By midday, the southern sun pressed down on Bant like a giant hand, making the slightest movements laborious. If the rains had been steadier last spring, he might have avoided working in the heat of the day. All the cooler hours of the morning and evening were spent tending the fields. The village couldn’t afford to lose a single plant. This left the middle part of the day to such drudgework as reshingling a roof. Bant hadn’t planned to spend this long on the task; it was only a few wooden shingles that needed replacing after wind damage from the previous week’s thunderstorm. Bant lay his hammer down and wiped the sweat from his eyes. He would welcome a thunderstorm if it came along now, wind damage or no. He glanced toward the distant stream, longing for a dip within its cool waters. A cloud of dust caught his eye; someone was approaching from the northern road.

Bant squinted, shielding his eyes. Three huge lizards-gray in color save for the rust-red scales along their throats and bellies-lumbered along the dirt road. At first glance they appeared low to the ground, but when Bant compared them to the trees they passed he realized the lizards stood taller than horses, and only their great length made them appear squat.

As the great-lizards grew nearer, Bant could make out the riders who looked like men astride the high-backed leather saddles. But they weren’t men; they were earth-dragons. Their scaly skin was the color of moss. Their heads sat broad and low upon their shoulders, their dark eyes set wide apart. A teal fringe of spiky scales jutted from their necks.

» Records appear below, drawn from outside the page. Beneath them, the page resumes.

lemma borel_measurable_delta_U[measurable]: "delta_U X \<in> borel_measurable borel"
  unfolding delta_U_def[abs_def] by measurable

lemma delta_phi_nonneg: "0 \<le> delta_phi \<phi> X v"
proof -
  have "0 < \<phi> (Rsq X v)"
    using phi_pos Rsq_bounds[of v] by blast
  then show ?thesis
    using RSS_nonneg[of v] dims by (simp add: delta_phi_def)
qed

lemma AE_delta_U_pos: "AE z in std_normal_n. 0 < delta_U X z"
proof -
  have "AE z in lborel. 0 < delta_U X z"
    using AE_RSS_pos[OF dims] by eventually_elim (use dims in \<open>simp add: delta_U_def\<close>)
  then show ?thesis
    unfolding std_normal_n_def by (subst AE_density) (auto elim!: AE_mp simp: std_normal_dens_def)
qed

definition shrink :: "real^'p \<Rightarrow> real \<Rightarrow> real^'n \<Rightarrow> real" where
  "shrink b c z = \<phi> (Rsq X (c *\<^sub>R (X *v b) + z))"

lemma borel_measurable_shrink[measurable]: "shrink b c \<in> borel_measurable borel"
  unfolding shrink_def[abs_def] by measurable

lemma shrink_bounds: "\<phi> 0 \<le> shrink b c z" "shrink b c z \<le> \<phi> 1"
  using Rsq_bounds by (auto simp: shrink_def intro!: mono_onD[OF phi_mono])

lemma shrink_mult_delta_U: "shrink b c z * delta_U X z = delta_phi \<phi> X (c *\<^sub>R (X *v b) + z)"
  using RSS_add_range[of z "c *\<^sub>R b"]
  by (simp add: shrink_def delta_phi_def delta_U_def matrix_vector_mult_scaleR add.commute)

lemma stein_loss_delta_phi_model:
  assumes "\<sigma> \<noteq> 0" "t \<noteq> 0"
  shows "stein_loss (delta_phi \<phi> X (a *\<^sub>R ones + X *v b + (\<sigma> * t) *\<^sub>R z)) (\<sigma>\<^sup>2)
      = stein_fun (t\<^sup>2 * (shrink b (1 / (\<sigma> * t)) z * delta_U X z))"
  using assms
  by (simp add: delta_phi_def delta_U_def shrink_def Rsq_model RSS_model stein_loss_eq_stein_fun
      power_mult_distrib mult_ac)

lemma stein_loss_delta_U_model:
  assumes "\<sigma> \<noteq> 0" "t \<noteq> 0"
  shows "stein_loss (delta_U X (a *\<^sub>R ones + X *v b + (\<sigma> * t) *\<^sub>R z)) (\<sigma>\<^sup>2)
      = stein_fun (t\<^sup>2 * delta_U X z)"
  using assms by (simp add: delta_U_def RSS_model stein_loss_eq_stein_fun power_mult_distrib)

lemma delta_phi_reflect:
  assumes "0 \<le> l" and "(X *v b) \<bullet> v \<le> (X *v b) \<bullet> (l *\<^sub>R (X *v b) - v)"
  shows "delta_phi \<phi> X v \<le> delta_phi \<phi> X (l *\<^sub>R (X *v b) - v)"
proof -
  let ?\<mu> = "X *v b" and ?v' = "l *\<^sub>R (X *v b) - v"
  have RSS_reflect: "RSS X ?v' = RSS X v"
    using RSS_add_range[of "-v" "l *\<^sub>R b"] RSS_scaleR[of "-1" v]
    by (simp add: matrix_vector_mult_scaleR)
  have "hat X *v ?v' = l *\<^sub>R ?\<mu> - hat X *v v"
    by (simp only: matrix_vector_mult_diff_distrib matrix_vector_mult_scaleR hat_range)
  have "(norm (hat X *v ?v'))\<^sup>2
      = l\<^sup>2 * (?\<mu> \<bullet> ?\<mu>) - 2 * l * (?\<mu> \<bullet> (hat X *v v)) + (norm (hat X *v v))\<^sup>2"
    unfolding \<open>hat X *v ?v' = l *\<^sub>R ?\<mu> - hat X *v v\<close> power2_norm_eq_inner
    by (simp add: inner_commute power2_eq_square algebra_simps)
  moreover have "?\<mu> \<bullet> ?v' = l * (?\<mu> \<bullet> ?\<mu>) - ?\<mu> \<bullet> v"
    by (simp add: inner_diff_right)
  ultimately have "(norm (hat X *v ?v'))\<^sup>2 - (norm (hat X *v v))\<^sup>2 = l * (?\<mu> \<bullet> ?v' - ?\<mu> \<bullet> v)"
    by (simp add: inner_range_hat power2_eq_square algebra_simps)
  moreover have "0 \<le> l * (?\<mu> \<bullet> ?v' - ?\<mu> \<bullet> v)"
    using assms by simp
  ultimately have hat_le: "(norm (hat X *v v))\<^sup>2 \<le> (norm (hat X *v ?v'))\<^sup>2"
    by linarith
  show ?thesis
  proof (cases "RSS X v = 0")
    case False
    then have "Rsq X v \<le> Rsq X ?v'"
      using RSS_reflect RSS_nonneg[of v] hat_le by (intro Rsq_mono) simp_all
    then show ?thesis
      using RSS_reflect RSS_nonneg[of v] dims
      by (simp add: delta_phi_def divide_right_mono mult_right_mono phi_Rsq_le)
  qed (simp add: delta_phi_def RSS_reflect)
qed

Bant climbed down the ladder, moving to meet the dragons as they rode into the town square. He could only vaguely recall the last time the dragons had visited, well over a decade ago. The dragons had then demanded a tenth of that year’s harvest and the older townsmen agreed to provide it, citing an ancient agreement. The town lay in the land of dragons and the Dragon King had the right to take as much as a quarter of the harvest. The elders said dragons were abundant in the north but ventured south to collect taxes only rarely, seldom appearing more than once in a score of years.

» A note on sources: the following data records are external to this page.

lemma aperiodic_times_generate:
  fixes f :: "int ^ 'd \<Rightarrow> nat \<Rightarrow> real"
  assumes "aperiodic f"
  shows "\<exists>N c. finite N \<and> N \<subseteq> {n. \<exists>x. 0 < f x n} \<and> (\<Sum>n\<in>N. c n * int n) = 1"
proof -
  have "\<exists>S c. finite S \<and> S \<subseteq> {(x, n). 0 < f x n} \<and> (\<forall>i. (0 :: int ^ 'd) $ i = (\<Sum>s\<in>S. c s * fst s $ i))
      \<and> (1 :: int) = (\<Sum>s\<in>S. c s * int (snd s))"
    using assms unfolding aperiodic_def by blast
  then obtain S c where S: "finite S" "S \<subseteq> {(x, n). 0 < f x n}" and comb: "(\<Sum>s\<in>S. c s * int (snd s)) = 1"
    by auto
  define c' where "c' n = (\<Sum>s\<in>{s \<in> S. snd s = n}. c s)" for n
  have "(\<Sum>s\<in>S. c s * int (snd s)) = (\<Sum>n\<in>snd ` S. \<Sum>s\<in>{s \<in> S. snd s = n}. c s * int (snd s))"
    by (rule sum.image_gen[OF S(1)])
  also have "\<dots> = (\<Sum>n\<in>snd ` S. c' n * int n)"
    unfolding c'_def sum_distrib_right by (intro sum.cong refl) simp
  finally have "(\<Sum>n\<in>snd ` S. c' n * int n) = 1"
    using comb by simp
  moreover have "snd ` S \<subseteq> {n. \<exists>x. 0 < f x n}"
    using S(2) by (auto simp: subset_iff) blast
  ultimately show ?thesis
    using S(1) by blast
qed

locale tilted_walk = exp_moment f s for f :: "int ^ 'd \<Rightarrow> nat \<Rightarrow> real" and s +
  assumes total: "((\<lambda>(x, n). f x n) has_sum 1) UNIV"
    and aperiodic: "aperiodic f"
begin

lemma marginal_sums_one: "marginal sums 1"
proof -
  have "(\<lambda>(x, n). f x n) summable_on UNIV"
    using total by (auto simp: summable_on_def)
  from summable_on_pair_slices(2)[OF this] show ?thesis
    unfolding marginal_def[abs_def] infsumI[OF total] by simp
qed

lemma marginal_pos:
  assumes "0 < f x n"
  shows "0 < marginal n"
proof -
  have "(\<Sum>\<^sub>\<infinity>y\<in>{x}. f y n) \<le> marginal n"
    unfolding marginal_def by (rule infsum_mono_neutral) (use summable_on_slice nonneg in auto)
  then show ?thesis
    using assms by simp
qed

sublocale marginal: aperiodic_pgf marginal "exp (s / 2)"
proof
  show "0 \<le> marginal n" for n
    unfolding marginal_def using nonneg by (simp add: infsum_nonneg)
  show "marginal sums 1"
    by (rule marginal_sums_one)
  show "1 < exp (s / 2)"
    using s_pos by simp
  show "summable (\<lambda>n. marginal n * ((real n + 1)^2 * exp (s / 2) ^ n))"
    by (rule summable_marginal_moment)
  obtain N c where "finite N" "N \<subseteq> {n. \<exists>x. 0 < f x n}" "(\<Sum>n\<in>N. c n * int n) = 1"
    using aperiodic_times_generate[OF aperiodic] by blast
  moreover have "{n. \<exists>x. 0 < f x n} \<subseteq> {n. 0 < marginal n}"
    using marginal_pos by blast
  ultimately show "\<exists>N c. finite N \<and> N \<subseteq> {n. 0 < marginal n} \<and> (\<Sum>n\<in>N. c n * int n) = 1"
    by blast
qed

theorem small_tilt_fhat:
  fixes lam :: "complex ^ 'd \<Rightarrow> complex"
  assumes no_zero_time: "\<And>x. f x 0 = 0"
  obtains \<eta> \<epsilon> :: real where "0 < \<eta>" "0 < \<epsilon>"
    and "\<And>\<xi>. norm \<xi> \<le> \<eta> \<Longrightarrow> norm (lam \<xi>) \<le> \<eta> \<Longrightarrow> F_fun f \<xi> (lam \<xi>) = 0 \<Longrightarrow>
      (fhat f lam \<xi> 0 = 0 \<and>
        (\<exists>U. open U \<and> cball 0 (1 + \<epsilon>) \<subseteq> U \<and> (\<forall>z\<in>U. summable (\<lambda>n. norm (f_xi f lam \<xi> n * z ^ n)))))
      \<and> (\<forall>z \<in> cball 0 (1 + \<epsilon>). fhat f lam \<xi> z = 1 \<longleftrightarrow> z = 1)
      \<and> deriv (fhat f lam \<xi>) 1 \<noteq> 0"
proof -
  obtain \<epsilon> \<kappa> where \<epsilon>: "0 < \<epsilon>" and \<kappa>: "0 < \<kappa>" and \<epsilon>R: "1 + \<epsilon> < exp (s / 2)"
    and root: "\<And>(a :: nat \<Rightarrow> complex) z.
      summable (\<lambda>n. norm (a n - of_real (marginal n)) * ((real n + 1) * exp (s / 2) ^ n)) \<Longrightarrow>
      coeff_dist (exp (s / 2)) a (\<lambda>n. of_real (marginal n)) \<le> \<kappa> \<Longrightarrow> a sums 1 \<Longrightarrow> norm z \<le> 1 + \<epsilon> \<Longrightarrow>
      (\<Sum>n. a n * z ^ n) = 1 \<longleftrightarrow> z = 1"
    and deriv: "\<And>(a :: nat \<Rightarrow> complex).
      summable (\<lambda>n. norm (a n - of_real (marginal n)) * ((real n + 1) * exp (s / 2) ^ n)) \<Longrightarrow>
      coeff_dist (exp (s / 2)) a (\<lambda>n. of_real (marginal n)) \<le> \<kappa> \<Longrightarrow> deriv (\<lambda>z. \<Sum>n. a n * z ^ n) 1 \<noteq> 0"
    by (rule marginal.perturbed_pgf_unique_root) (rule that)
  define \<eta> where "\<eta> = min (s / 2) (min \<kappa> (1 / 2) / (total_weight + 1))"
  have \<eta>: "0 < \<eta>" "\<eta> \<le> s / 2" "\<eta> * total_weight \<le> min \<kappa> (1 / 2)"
  proof -
    show "0 < \<eta>"
      using s_pos \<kappa> total_weight_nonneg by (simp add: \<eta>_def)
    show "\<eta> \<le> s / 2"
      unfolding \<eta>_def by (rule min.cobounded1)
    have "\<eta> * total_weight \<le> min \<kappa> (1 / 2) / (total_weight + 1) * total_weight"
      unfolding \<eta>_def using total_weight_nonneg by (intro mult_right_mono min.cobounded2)
    also have "\<dots> \<le> min \<kappa> (1 / 2) / (total_weight + 1) * (total_weight + 1)"
      using total_weight_nonneg \<kappa> by (intro mult_left_mono) auto
    finally show "\<eta> * total_weight \<le> min \<kappa> (1 / 2)"
      using total_weight_nonneg by simp
  qed
  show ?thesis
  proof (rule that[OF \<eta>(1) \<epsilon>])
    fix \<xi>
    assume \<xi>: "norm \<xi> \<le> \<eta>" and \<mu>: "norm (lam \<xi>) \<le> \<eta>" and char: "F_fun f \<xi> (lam \<xi>) = 0"
    define a where "a = tilted_marginal \<xi> (lam \<xi>)"
    have coeffs: "f_xi f lam \<xi> = a"
      by (simp add: fun_eq_iff a_def f_xi_def tilted_marginal_def tilted_def)
    note close = tilted_marginal_close[OF less_imp_le[OF \<eta>(1)] \<eta>(2) \<xi> \<mu>, folded a_def]
    have dist: "coeff_dist (exp (s / 2)) a (\<lambda>n. of_real (marginal n)) \<le> min \<kappa> (1 / 2)"
      using close(2) \<eta> by simp
    have sums: "a sums (\<Sum>\<^sub>\<infinity>u. tilted f \<xi> (lam \<xi>) u)"
      unfolding a_def using \<xi> \<mu> \<eta> by (intro tilted_marginal_sums) auto
    \<comment> \<open>\<open>Ln 0 = 0\<close>, so \<open>F = 0\<close> alone does not exclude a vanishing sum\<close>
    have "norm ((\<Sum>\<^sub>\<infinity>u. tilted f \<xi> (lam \<xi>) u) - 1) \<le> 1 / 2"
      using marginal.perturbed_minus_pgf[OF close(1), of 1] marginal.pgf_one sums dist s_pos
      by (simp add: sums_iff)
    then have "(\<Sum>\<^sub>\<infinity>u. tilted f \<xi> (lam \<xi>) u) \<noteq> 0"
      by auto
    from exp_Ln[OF this] have "(\<Sum>\<^sub>\<infinity>u. tilted f \<xi> (lam \<xi>) u) = 1"
      using char by (simp add: F_fun_def tilted_def)
    with sums have "a sums 1"
      by simp
    moreover have "a 0 = 0"
      by (simp add: a_def tilted_marginal_def tilted_def no_zero_time)
    ultimately show "(fhat f lam \<xi> 0 = 0 \<and>
        (\<exists>U. open U \<and> cball 0 (1 + \<epsilon>) \<subseteq> U \<and> (\<forall>z\<in>U. summable (\<lambda>n. norm (f_xi f lam \<xi> n * z ^ n)))))
      \<and> (\<forall>z \<in> cball 0 (1 + \<epsilon>). fhat f lam \<xi> z = 1 \<longleftrightarrow> z = 1)
      \<and> deriv (fhat f lam \<xi>) 1 \<noteq> 0"
      using marginal.summable_perturbed_powser[OF close(1)] root[OF close(1)] deriv[OF close(1)] dist \<epsilon>R
      unfolding fhat_def[abs_def] coeffs
      by (auto intro!: exI[of _ "ball 0 (exp (s / 2))"])
  qed
qed

end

Bant wished some of the elders had survived to advise him now. If the dragons wanted a quarter of the harvest this year, it would be difficult. Christdale suffered from a shortage of men. Only male children his age and younger had survived Hezekiah’s initial teachings unmaimed. Now only a dozen able-bodied men could tend the crops, and they had to provide for a community of nearly a hundred. The Lord in his mercy always provided enough but there was seldom any surplus.